Теперь они оба лежали на полу, задрав колени. Хенсон закашлялся, стараясь восстановить дыхание. Девушка сначала просто тяжело дышала, потом повернулась на бок и всхлипнула. Какое унижение! То, что началось дамской пощечиной, обернулось чистым сумасшествием. Ей захотелось врезать ему ногой, вцепиться ногтями в лицо, но она понимала, что источник боли кроется вовсе не в нем. Боль гложет изнутри. Эсфирь могла обвинить Хенсона в назойливости или приписать свои страдания похмелью или недавно полученным ранам, однако в конечном итоге правда в том, что она потеряла самоконтроль. Почему, ну почему мать ничего не рассказывала про Мейера? Почему ей теперь приходится все расхлебывать в одиночку? Да, Хенсон прав, теперь она это понимала. Ее страшит вовсе не опасность, а те новые сведения, что она может узнать про своего отца. Перед глазами всплыл фотоснимок: французские евреи смотрят на нее из-за колючей проволоки.

Хенсон снова прокашлялся. Его рука опасливо коснулась плеча девушки.

– Пойдем со мной. Тебе надо выпить кофе. Все в порядке. Я тебе все объясню, ладно? А если потом захочешь вернуться в Израиль, я не стану мешать.

Спрятавшись от довольно холодного воздуха, дующего с озера Мичиган, ресторанчик на первом этаже гостиницы всеми силами пытался выдать себя за летнее парижское кафе, наивно забывая, что именно открытость всем ветрам и уличной суете делает парижское кафе парижским. Кроме того, оно было полностью изолировано и от чикагского неба, которое даже в июне обеспечивало регулярной порцией сырости гостиничные балконы, двадцатиэтажным кольцом вздымавшиеся к стеклянной купольной крыше. С поручней свешивались ползучие растения, обшитый латунью эскалатор вел к дорогим магазинам на втором и третьем ярусах, а на подиуме царил гигантский рояль, поджидавший певицу, чей слабенький и слащавый голосок в очередной раз примется портить замечательные песни.

– Кофе-латте. Двойной, – сказала Эсфирь официанту.

Выведенный из глубокого раздумья, Хенсон, кажется, пару секунд не мог понять, что от него требуется.

– Э-э… Капучино, пожалуй. Или нет, просто обычный кофе и стакан воды.

Официант скупо кивнул и скользнул в сторону.

– Здесь можно заказать и выпивку, – предложил Хенсон. – Говорят, помогает. Похмелье все-таки…

– Ах, что вы говорите…

– Ну, я не знаю.
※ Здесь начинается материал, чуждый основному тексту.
inductive lgim_axiom :: "(real \<Rightarrow> real \<Rightarrow> real) \<Rightarrow> fml \<Rightarrow> bool" for T where
  taut: "ctaut P \<Longrightarrow> lgim_axiom T P"
| and1: "unit01 d \<Longrightarrow> lgim_axiom T (FImp (FAnd (gimp a b d) (gimp a g d)) (gimp a (BAnd b g) d))"
| and2: "lgim_axiom T (gimp (BAnd a b) a 1)"
| and3: "lgim_axiom T (gimp (BAnd a b) b 1)"
| or1: "unit01 d \<Longrightarrow> lgim_axiom T (FImp (FAnd (gimp a g d) (gimp b g d)) (gimp (BOr a b) g d))"
| or2: "lgim_axiom T (gimp a (BOr a b) 1)"
| or3: "lgim_axiom T (gimp b (BOr a b) 1)"
| odot1: "unit01 c \<Longrightarrow> unit01 d \<Longrightarrow>
    lgim_axiom T (FImp (FAnd (gimp BTop a c) (gimp BTop b d)) (gimp BTop (BOdot a b) (T c d)))"
| odot2: "unit01 c \<Longrightarrow> unit01 d \<Longrightarrow>
    lgim_axiom T (FImp (FAnd (gimp a BBot c) (gimp b BBot d)) (gimp (BOdot a b) BBot (tconorm T c d)))"
| odot3: "lgim_axiom T (gimp BTop (BOdot BTop BTop) 1)"
| neg1: "unit01 d \<Longrightarrow> lgim_axiom T (FImp (gimp a b d) (gimp (BNeg b) (BNeg a) d))"
| neg2: "lgim_axiom T (gimp (BNeg (BNeg a)) a 1)"
| neg3: "lgim_axiom T (gimp a (BNeg (BNeg a)) 1)"
| top: "lgim_axiom T (gimp a BTop 1)"
| bot: "lgim_axiom T (gimp BBot a 1)"
| zero: "lgim_axiom T (gimp a b 0)"
| refl: "unit01 c \<Longrightarrow> lgim_axiom T (gimp a a c)"
| inkons: "0 < c \<Longrightarrow> c \<le> 1 \<Longrightarrow> lgim_axiom T (FNot (gimp BTop BBot c))"
| trans1: "unit01 c \<Longrightarrow> unit01 d \<Longrightarrow>
    lgim_axiom T (FImp (FAnd (gimp a b c) (gimp b g d)) (gimp a g (luk_and c d)))"
| trans2: "unit01 c \<Longrightarrow> unit01 d \<Longrightarrow>
    lgim_axiom T (FImp (FAnd (gimp a BBot c) (gimp BTop b d)) (gimp a b (luk_or c d)))"
| lin1: "lgim_axiom T (FOr (gimp a b 1) (gimp b a 1))"
| lin2: "unit01 d \<Longrightarrow> lgim_axiom T (FOr (gimp BTop a d) (gimp a BBot (1 - d)))"
| transM1: "length as = n \<Longrightarrow> length bs = n \<Longrightarrow> length cs = n \<Longrightarrow> n \<ge> 1 \<Longrightarrow>
    (\<forall>c\<in>set cs. unit01 c) \<Longrightarrow> unit01 d \<Longrightarrow>
    lgim_axiom T (FImp
      (FAnd (FConj (map (\<lambda>i. gimp (as ! i) (bs ! i) (cs ! i)) [0..<n])) (GImp (mset bs) g d))
      (GImp (mset as) g (luk_and (avg cs) d)))"
| transM2: "M \<noteq> {#} \<Longrightarrow> unit01 c \<Longrightarrow> unit01 d \<Longrightarrow>
    lgim_axiom T (FImp (FAnd (GImp M b c) (gimp b g d)) (GImp M g (luk_and c d)))"
| transM3: "length as = n \<Longrightarrow> length cs = n \<Longrightarrow> n \<ge> 1 \<Longrightarrow>
    (\<forall>c\<in>set cs. unit01 c) \<Longrightarrow> unit01 d \<Longrightarrow>
    lgim_axiom T (FImp
      (FAnd (FConj (map (\<lambda>i. gimp (as ! i) BBot (cs ! i)) [0..<n])) (gimp BTop b d))
      (GImp (mset as) b (luk_or (avg cs) d)))"
| topM: "n \<ge> 1 \<Longrightarrow> unit01 c \<Longrightarrow>
    lgim_axiom T (FImp (GImp (replicate_mset n BTop) a c) (gimp BTop a c))"

inductive derivable :: "(real \<Rightarrow> real \<Rightarrow> real) \<Rightarrow> fml set \<Rightarrow> fml \<Rightarrow> bool" for T Th where
  ax: "lgim_axiom T P \<Longrightarrow> derivable T Th P"
| hyp: "P \<in> Th \<Longrightarrow> derivable T Th P"
| mp: "derivable T Th (FImp P Q) \<Longrightarrow> derivable T Th P \<Longrightarrow> derivable T Th Q"

end

theory Submission
  imports Defs
begin

text \<open>Both claims come from one derived rule: from \<open>\<top> \<Rightarrow>_(c_i) \<beta>_i\<close> for all i and
  \<open>\<beta>_1,\<dots>,\<beta>_n \<Rightarrow>_1 \<gamma>\<close>, axiom (trans\<emptyset>_1) with antecedents \<open>\<top>,\<dots>,\<top>\<close> followed
  by (\<top>\<emptyset>) yields \<open>\<top> \<Rightarrow>_avg(c) \<gamma>\<close>.  Applied to the variables this gives \<open>\<top> \<Rightarrow>_d \<delta>\<close>.
  Contraposition together with \<open>\<top> \<Rightarrow>_1 \<sim>\<bottom>\<close> and \<open>\<sim>\<top> \<Rightarrow>_1 \<bottom>\<close> turns \<open>\<alpha> \<Rightarrow>_c \<bottom>\<close> into
  \<open>\<top> \<Rightarrow>_c \<sim>\<alpha>\<close> and back, so the same rule applied to the negated variables gives
  \<open>\<top> \<Rightarrow>_(1-d) \<sim>\<delta>\<close>, i.e. \<open>\<delta> \<Rightarrow>_(1-d) \<bottom>\<close>.\<close>

lemma wf_gimp [simp]: "wf (gimp a b c) \<longleftrightarrow> unit01 c"
  by (simp add: gimp_def)

lemma luk_and_one [simp]: "unit01 x \<Longrightarrow> luk_and x 1 = x" "unit01 x \<Longrightarrow> luk_and 1 x = x"
  by (auto simp: luk_and_def)

lemma luk_and_unit01: "unit01 (luk_and x y)" if "x \<le> 1" "y \<le> 1"
  using that by (simp add: luk_and_def)

lemma avg_unit01:
  assumes "cs \<noteq> []" "\<forall>c\<in>set cs. unit01 c"
  shows "unit01 (avg cs)"
proof -
  have "0 \<le> sum_list cs" using assms(2) by (intro sum_list_nonneg) auto
  moreover have "sum_list cs \<le> sum_list (map (\<lambda>_. 1::real) cs)"
    using assms(2) sum_list_mono[of cs id "\<lambda>_. 1"] by auto
  ultimately show ?thesis using assms(1) by (simp add: avg_def sum_list_triv)
qed

lemma avg_map_upt: "avg (map f [0..<n]) = (\<Sum>i<n. f i) / real n"
  by (simp add: avg_def sum_set_upt_conv_sum_list_nat[symmetric] lessThan_atLeast0)

lemma avg_map_upt_complement:
  assumes "n \<ge> 1"
  shows "avg (map (\<lambda>i. 1 - f i) [0..<n]) = 1 - avg (map f [0..<n])"
  using assms by (simp add: avg_map_upt sum_subtractf diff_divide_distrib)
Вроде бы.

– Не знаете? У вас что же, никогда не было похмелья?

– Да нет. Я много-то не пью.

– Боже, – сказала Эсфирь. – Вы даже сами не подозреваете, какой вы странный, мистер Хенсон.

– Во всяком случае, я не ханжа! – возразил он. – Просто не люблю напиваться. Не люблю терять самоконтроль.

– Комментарии излишни, – проворчала она. – Анально-ретентивный типаж.

Он дернул плечом, словно желая сказать: «Меня еще и не так обзывали». Впрочем, он избегал смотреть ей в глаза, делая вид, что разглядывает ресторанный зал, огромным цилиндром уходящий вверх, под самую крышу.